Problem description
Copy exactly, please, each line of the data below until the line that contains "theory Defs" has been copied, beginning at the top.

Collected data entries
..........

(* Consider the integer linear program in variables $\mathbf{c}=(c_1,\ldots,c_d)\in\mathbb{Z}^d$: $$\text{maximize } c_1+\cdots+c_d-1 \quad\text{subject to}\quad 0\le c_i\le nr\ (i\in[d]),\qquad \sum_{i\in S}c_i\le\sum_{\lambda\cap S\neq\emptyset}|N_\lambda|\ \ (S\subseteq[d]).$$ Let $\mathbf{c}^{(0)}=0\in\mathbb{Z}^d$. For $t=1,\ldots,r$, let $\mathbf{c}^{(t)}\in\mathbb{Z}^d$ satisfy the following, where $\mathbf{c}^{(t)}$ is always chosen to satisfy all constraints $\sum_{i\in S}c^{(t)}_i\le\sum_{\lambda\cap S\ne\emptyset}|N_\lambda|$: - $c_i^{(t-1)}\le c_i^{(t)}\le c_i^{(t-1)}+n$ for all $i\in[d]$; - whenever $c_i^{(t)}<c_i^{(t-1)}+n$, there exists $S\subseteq[d]$ with $i\in S$ and $\sum_{j\in S}c_j^{(t)}=\sum_{\lambda\cap S\neq\emptyset}|N_\lambda|$. Then $\mathbf{c}^{(r)}$ is an optimal solution of the integer linear program.
   Context: Let $[d]=\{1,\ldots,d\}$, and let $n,r,d$ be positive integers. For a partition $\lambda$ of $d$ with at most $n$ parts, $N_\lambda$ is the set of index vectors $(i_1,\ldots,i_n)\in\mathbb{Z}_{\ge0}^n$ whose multiset of nonzero entries equals $\lambda$. The sum $\sum_{\lambda\cap S\neq\emptyset}$ ranges over the partitions $\lambda$ of $d$ of length at most $n$ having at least one part in $S$. *)

theory Defs
  imports Main "HOL-Library.Multiset"
begin

definition partitions_le :: "nat \<Rightarrow> nat \<Rightarrow> nat multiset set" where
  "partitions_le n d = {lam. (\<forall>x\<in>#lam. 0 < x) \<and> sum_mset lam = d \<and> size lam \<le> n}"

definition Nset :: "nat \<Rightarrow> nat multiset \<Rightarrow> nat list set" where
  "Nset n lam = {v. length v = n \<and> mset (filter (\<lambda>x. x \<noteq> 0) v) = lam}"

definition rhs :: "nat \<Rightarrow> nat \<Rightarrow> nat set \<Rightarrow> int" where
  "rhs n d S = (\<Sum>lam\<in>{lam \<in> partitions_le n d. set_mset lam \<inter> S \<noteq> {}}. int (card (Nset n lam)))"

definition ilp_feasible :: "nat \<Rightarrow> nat \<Rightarrow> nat \<Rightarrow> (nat \<Rightarrow> int) \<Rightarrow> bool" where
  "ilp_feasible n r d c \<longleftrightarrow>
     (\<forall>i\<in>{1..d}. 0 \<le> c i \<and> c i \<le> int (n * r)) \<and>
     (\<forall>S. S \<subseteq> {1..d} \<longrightarrow> (\<Sum>i\<in>S. c i) \<le> rhs n d S)"

definition ilp_objective :: "nat \<Rightarrow> (nat \<Rightarrow> int) \<Rightarrow> int" where
  "ilp_objective d c = (\<Sum>i=1..d. c i) - 1"

definition ilp_optimal :: "nat \<Rightarrow> nat \<Rightarrow> nat \<Rightarrow> (nat \<Rightarrow> int) \<Rightarrow> bool" where
  "ilp_optimal n r d c \<longleftrightarrow> ilp_feasible n r d c \<and>
     (\<forall>c'. ilp_feasible n r d c' \<longrightarrow> ilp_objective d c' \<le> ilp_objective d c)"

end

theory Submission
  imports Defs
begin

text \<open>The right-hand side is a coverage function of \<open>S\<close>, hence submodular, so the sets that are
  tight for the feasible vector \<open>c r\<close> are closed under union and there is a greatest tight set
  \<open>T\<close>. A coordinate \<open>i \<notin> T\<close> is never blocked: a set containing \<open>i\<close> that is tight at step \<open>t\<close>
  stays tight at step \<open>r\<close>, because the vectors only grow and \<open>c r\<close> is feasible. So
  \<open>c r i = n r\<close> outside \<open>T\<close>, while every feasible \<open>c'\<close> has
  \<open>\<Sum>\<^sub>T c' \<le> rhs T = \<Sum>\<^sub>T c r\<close> and \<open>c' i \<le> n r\<close>.\<close>

definition submodular :: "('a set \<Rightarrow> 'b::ordered_ab_group_add) \<Rightarrow> bool" where
  "submodular f \<longleftrightarrow> (\<forall>A B. f (A \<union> B) + f (A \<inter> B) \<le> f A + f B)"

definition tight_sets :: "'a set \<Rightarrow> ('a set \<Rightarrow> 'b) \<Rightarrow> ('a \<Rightarrow> 'b::comm_monoid_add) \<Rightarrow> 'a set set" where
  "tight_sets I f x = {S. S \<subseteq> I \<and> sum x S = f S}"

lemma tight_sets_Un:
  fixes f :: "'a set \<Rightarrow> 'b::ordered_ab_group_add"
  assumes "submodular f" and "finite I"
    and feasible: "\<And>S. S \<subseteq> I \<Longrightarrow> sum x S \<le> f S"
    and A: "A \<in> tight_sets I f x" and B: "B \<in> tight_sets I f x"
  shows "A \<union> B \<in> tight_sets I f x"
proof -
  have AB: "A \<subseteq> I" "B \<subseteq> I" "sum x A = f A" "sum x B = f B"
    using A B by (auto simp: tight_sets_def)
  then have "finite A" "finite B"
    using \<open>finite I\<close> finite_subset by auto
  have "f (A \<union> B) + sum x (A \<inter> B) \<le> f (A \<union> B) + f (A \<inter> B)"
    using AB by (intro add_left_mono feasible) auto
  also have "\<dots> \<le> f A + f B"
    using \<open>submodular f\<close> by (simp add: submodular_def)
  also have "\<dots> = sum x (A \<union> B) + sum x (A \<inter> B)"
    by (simp only: sum.union_inter[OF \<open>finite A\<close> \<open>finite B\<close>] AB(3,4))
  finally have "f (A \<union> B) \<le> sum x (A \<union> B)"
    by simp
  with feasible[of "A \<union> B"] AB show ?thesis
    by (auto simp: tight_sets_def intro: order.antisym)
qed

lemma greatest_tight_set:
  fixes f :: "'a set \<Rightarrow> 'b::ordered_ab_group_add"
  assumes "submodular f" and "finite I" and "f {} = 0"
    and feasible: "\<And>S. S \<subseteq> I \<Longrightarrow> sum x S \<le> f S"
  obtains T where "T \<in> tight_sets I f x" and "\<And>S. S \<in> tight_sets I f x \<Longrightarrow> S \<subseteq> T"
proof -
  have "finite (tight_sets I f x)"
    using \<open>finite I\<close> by (auto simp: tight_sets_def intro: finite_subset[of _ "Pow I"])
  moreover have "{} \<in> tight_sets I f x"
    using \<open>f {} = 0\<close> by (simp add: tight_sets_def)
  ultimately obtain T where T: "T \<in> tight_sets I f x"
    and maximal: "\<forall>S \<in> tight_sets I f x. T \<subseteq> S \<longrightarrow> T = S"
    using finite_has_maximal[of "tight_sets I f x"] by auto
  have "S \<subseteq> T" if "S \<in> tight_sets I f x" for S
    using maximal tight_sets_Un[OF assms(1,2) feasible that T] by blast
  with T show thesis
    using that by blast
qed

lemma sum_le_sum_if_tight_and_dominated:
  fixes f :: "'a set \<Rightarrow> 'b::ordered_ab_group_add"
  assumes "finite I" and T: "T \<in> tight_sets I f y"
    and feasible: "\<And>S. S \<subseteq> I \<Longrightarrow> sum x S \<le> f S"
    and dominated: "\<And>i. i \<in> I - T \<Longrightarrow> x i \<le> y i"
  shows "sum x I \<le> sum y I"
proof -
  have "T \<subseteq> I" and "sum y T = f T"
    using T by (auto simp: tight_sets_def)
  have "sum x I = sum x T + sum x (I - T)"
    using \<open>finite I\<close> \<open>T \<subseteq> I\<close> by (simp add: sum.subset_diff)
  also have "\<dots> \<le> f T + sum y (I - T)"
    using \<open>T \<subseteq> I\<close> by (intro add_mono feasible sum_mono dominated)
  also have "\<dots> = sum y T + sum y (I - T)"
    by (simp add: \<open>sum y T = f T\<close>)
  also have "\<dots> = sum y I"
    using \<open>finite I\<close> \<open>T \<subseteq> I\<close> by (simp add: sum.subset_diff)
  finally show ?thesis .
qed

lemma steps_mono:
  fixes g :: "nat \<Rightarrow> 'b::preorder"
  assumes "\<And>t. t \<in> {1..r} \<Longrightarrow> g (t - 1) \<le> g t" and "s \<le> t" and "t \<le> r"
  shows "g s \<le> g t"
  using \<open>s \<le> t\<close> \<open>t \<le> r\<close>
proof (induction t rule: dec_induct)
  case (step t)
  then show ?case
    using assms(1)[of "Suc t"] order.trans by fastforce
qed simp

lemma steps_bounded:
  fixes g :: "nat \<Rightarrow> int"
  assumes "\<And>t. t \<in> {1..r} \<Longrightarrow> g t \<le> g (t - 1) + a" and "t \<le> r"
  shows "g t \<le> g 0 + int t * a"
  using \<open>t \<le> r\<close>
proof (induction t)
  case (Suc t)
  then show ?case
    using assms(1)[of "Suc t"] by (simp add: algebra_simps)
qed simp

lemma steps_saturated_outside_greatest_tight_set:
  fixes c :: "nat \<Rightarrow> 'a \<Rightarrow> int"
  assumes step: "\<forall>t\<in>{1..r}. \<forall>i\<in>I. c (t - 1) i \<le> c t i \<and> c t i \<le> c (t - 1) i + a"
    and tight: "\<forall>t\<in>{1..r}. \<forall>i\<in>I. c t i < c (t - 1) i + a \<longrightarrow>
                  (\<exists>S. S \<subseteq> I \<and> i \<in> S \<and> sum (c t) S = f S)"
    and feasible: "\<And>S. S \<subseteq> I \<Longrightarrow> sum (c r) S \<le> f S"
    and greatest: "\<And>S. S \<in> tight_sets I f (c r) \<Longrightarrow> S \<subseteq> T"
    and "t \<le> r" and i: "i \<in> I - T"
  shows "c t i = c 0 i + int t * a"
  using \<open>t \<le> r\<close>
proof (induction t)
  case (Suc t)
  have "c (Suc t) i = c t i + a"
  proof (rule ccontr)
    assume "c (Suc t) i \<noteq> c t i + a"
    moreover have t: "Suc t \<in> {1..r}"
      using Suc.prems by simp
    ultimately have "c (Suc t) i < c t i + a"
      using step[rule_format, OF t, of i] i by auto
    then have "\<exists>S. S \<subseteq> I \<and> i \<in> S \<and> sum (c (Suc t)) S = f S"
      using tight[rule_format, OF t, of i] i by simp
    then obtain S where S: "S \<subseteq> I" "i \<in> S" "sum (c (Suc t)) S = f S"
      by blast
    have "c (Suc t) j \<le> c r j" if "j \<in> S" for j
    proof (rule steps_mono[where g = "\<lambda>t. c t j" and r = r])
      show "c (t' - 1) j \<le> c t' j" if "t' \<in> {1..r}" for t'
        using step S(1) \<open>j \<in> S\<close> that by blast
    qed (use Suc.prems in auto)
    then have "sum (c (Suc t)) S \<le> sum (c r) S"
      by (rule sum_mono)
    with S feasible[OF S(1)] have "S \<in> tight_sets I f (c r)"
      by (simp add: tight_sets_def)
    with greatest S(2) i show False
      by blast
  qed
  with Suc show ?case
    by (simp add: algebra_simps)
qed simp

lemma finite_partitions_le: "finite (partitions_le n d)"
proof -
  have "partitions_le n d \<subseteq> (\<Union>k\<le>n. multisets_of_size {0..d} k)"
  proof
    fix lam assume "lam \<in> partitions_le n d"
    then have "sum_mset lam = d" "size lam \<le> n"
      by (auto simp: partitions_le_def)
    moreover have "x \<le> sum_mset lam" if "x \<in># lam" for x
      using multi_member_split[OF that] by auto
    ultimately show "lam \<in> (\<Union>k\<le>n. multisets_of_size {0..d} k)"
      by (auto simp: multisets_of_size_def)
  qed
  then show ?thesis
    by (rule finite_subset) auto
qed

lemma rhs_eq_sum_if:
  "rhs n d S = (\<Sum>lam\<in>partitions_le n d.
     if set_mset lam \<inter> S \<noteq> {} then int (card (Nset n lam)) else 0)"
  unfolding rhs_def using finite_partitions_le by (simp add: sum.inter_filter)

lemma rhs_empty: "rhs n d {} = 0"
  unfolding rhs_eq_sum_if by simp

lemma submodular_rhs: "submodular (rhs n d)"
  unfolding submodular_def rhs_eq_sum_if sum.distrib[symmetric]
  by (intro allI sum_mono) auto

theorem theorem5p4:
  fixes n r d :: nat and c :: "nat \<Rightarrow> nat \<Rightarrow> int"
  assumes "0 < n" and "0 < r" and "0 < d"
    and init: "\<forall>i\<in>{1..d}. c 0 i = 0"
    and constr: "\<forall>t\<in>{1..r}. \<forall>S. S \<subseteq> {1..d} \<longrightarrow> (\<Sum>i\<in>S. c t i) \<le> rhs n d S"
    and step: "\<forall>t\<in>{1..r}. \<forall>i\<in>{1..d}. c (t - 1) i \<le> c t i \<and> c t i \<le> c (t - 1) i + int n"
    and tight: "\<forall>t\<in>{1..r}. \<forall>i\<in>{1..d}. c t i < c (t - 1) i + int n \<longrightarrow>
                  (\<exists>S. S \<subseteq> {1..d} \<and> i \<in> S \<and> (\<Sum>j\<in>S. c t j) = rhs n d S)"
  shows "ilp_optimal n r d (c r)"
proof -
  have feasible_r: "\<And>S. S \<subseteq> {1..d} \<Longrightarrow> sum (c r) S \<le> rhs n d S"
    using constr \<open>0 < r\<close> by auto
  obtain T where T: "T \<in> tight_sets {1..d} (rhs n d) (c r)"
    and greatest: "\<And>S. S \<in> tight_sets {1..d} (rhs n d) (c r) \<Longrightarrow> S \<subseteq> T"
    using greatest_tight_set[OF submodular_rhs _ rhs_empty feasible_r] by blast
  have saturated: "c r i = int (n * r)" if "i \<in> {1..d} - T" for i
    using steps_saturated_outside_greatest_tight_set[OF step tight feasible_r greatest order.refl that]
      init that by simp
  have "0 \<le> c r i \<and> c r i \<le> int (n * r)" if i: "i \<in> {1..d}" for i
  proof -
    have "c 0 i \<le> c r i"
      by (rule steps_mono[where g = "\<lambda>t. c t i" and r = r]) (use step i in auto)
    moreover have "c r i \<le> c 0 i + int r * int n"
      by (rule steps_bounded[where g = "\<lambda>t. c t i" and r = r]) (use step i in auto)
    ultimately show ?thesis
      using init i by (simp add: mult.commute)
  qed
  with feasible_r have "ilp_feasible n r d (c r)"
    by (simp add: ilp_feasible_def)
  moreover have "ilp_objective d c' \<le> ilp_objective d (c r)" if "ilp_feasible n r d c'" for c'
  proof -
    have "sum c' {1..d} \<le> sum (c r) {1..d}"
      by (rule sum_le_sum_if_tight_and_dominated[OF _ T])
        (use that saturated in \<open>auto simp: ilp_feasible_def mult.commute\<close>)
    then show ?thesis
      by (simp add: ilp_objective_def)
  qed
  ultimately show ?thesis
    by (simp add: ilp_optimal_def)
qed

end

..........

Result of this exercise
(* Consider the integer linear program in variables $\mathbf{c}=(c_1,\ldots,c_d)\in\mathbb{Z}^d$: $$\text{maximize } c_1+\cdots+c_d-1 \quad\text{subject to}\quad 0\le c_i\le nr\ (i\in[d]),\qquad \sum_{i\in S}c_i\le\sum_{\lambda\cap S\neq\emptyset}|N_\lambda|\ \ (S\subseteq[d]).$$ Let $\mathbf{c}^{(0)}=0\in\mathbb{Z}^d$. For $t=1,\ldots,r$, let $\mathbf{c}^{(t)}\in\mathbb{Z}^d$ satisfy the following, where $\mathbf{c}^{(t)}$ is always chosen to satisfy all constraints $\sum_{i\in S}c^{(t)}_i\le\sum_{\lambda\cap S\ne\emptyset}|N_\lambda|$: - $c_i^{(t-1)}\le c_i^{(t)}\le c_i^{(t-1)}+n$ for all $i\in[d]$; - whenever $c_i^{(t)}<c_i^{(t-1)}+n$, there exists $S\subseteq[d]$ with $i\in S$ and $\sum_{j\in S}c_j^{(t)}=\sum_{\lambda\cap S\neq\emptyset}|N_\lambda|$. Then $\mathbf{c}^{(r)}$ is an optimal solution of the integer linear program.
   Context: Let $[d]=\{1,\ldots,d\}$, and let $n,r,d$ be positive integers. For a partition $\lambda$ of $d$ with at most $n$ parts, $N_\lambda$ is the set of index vectors $(i_1,\ldots,i_n)\in\mathbb{Z}_{\ge0}^n$ whose multiset of nonzero entries equals $\lambda$. The sum $\sum_{\lambda\cap S\neq\emptyset}$ ranges over the partitions $\lambda$ of $d$ of length at most $n$ having at least one part in $S$. *)

theory Defs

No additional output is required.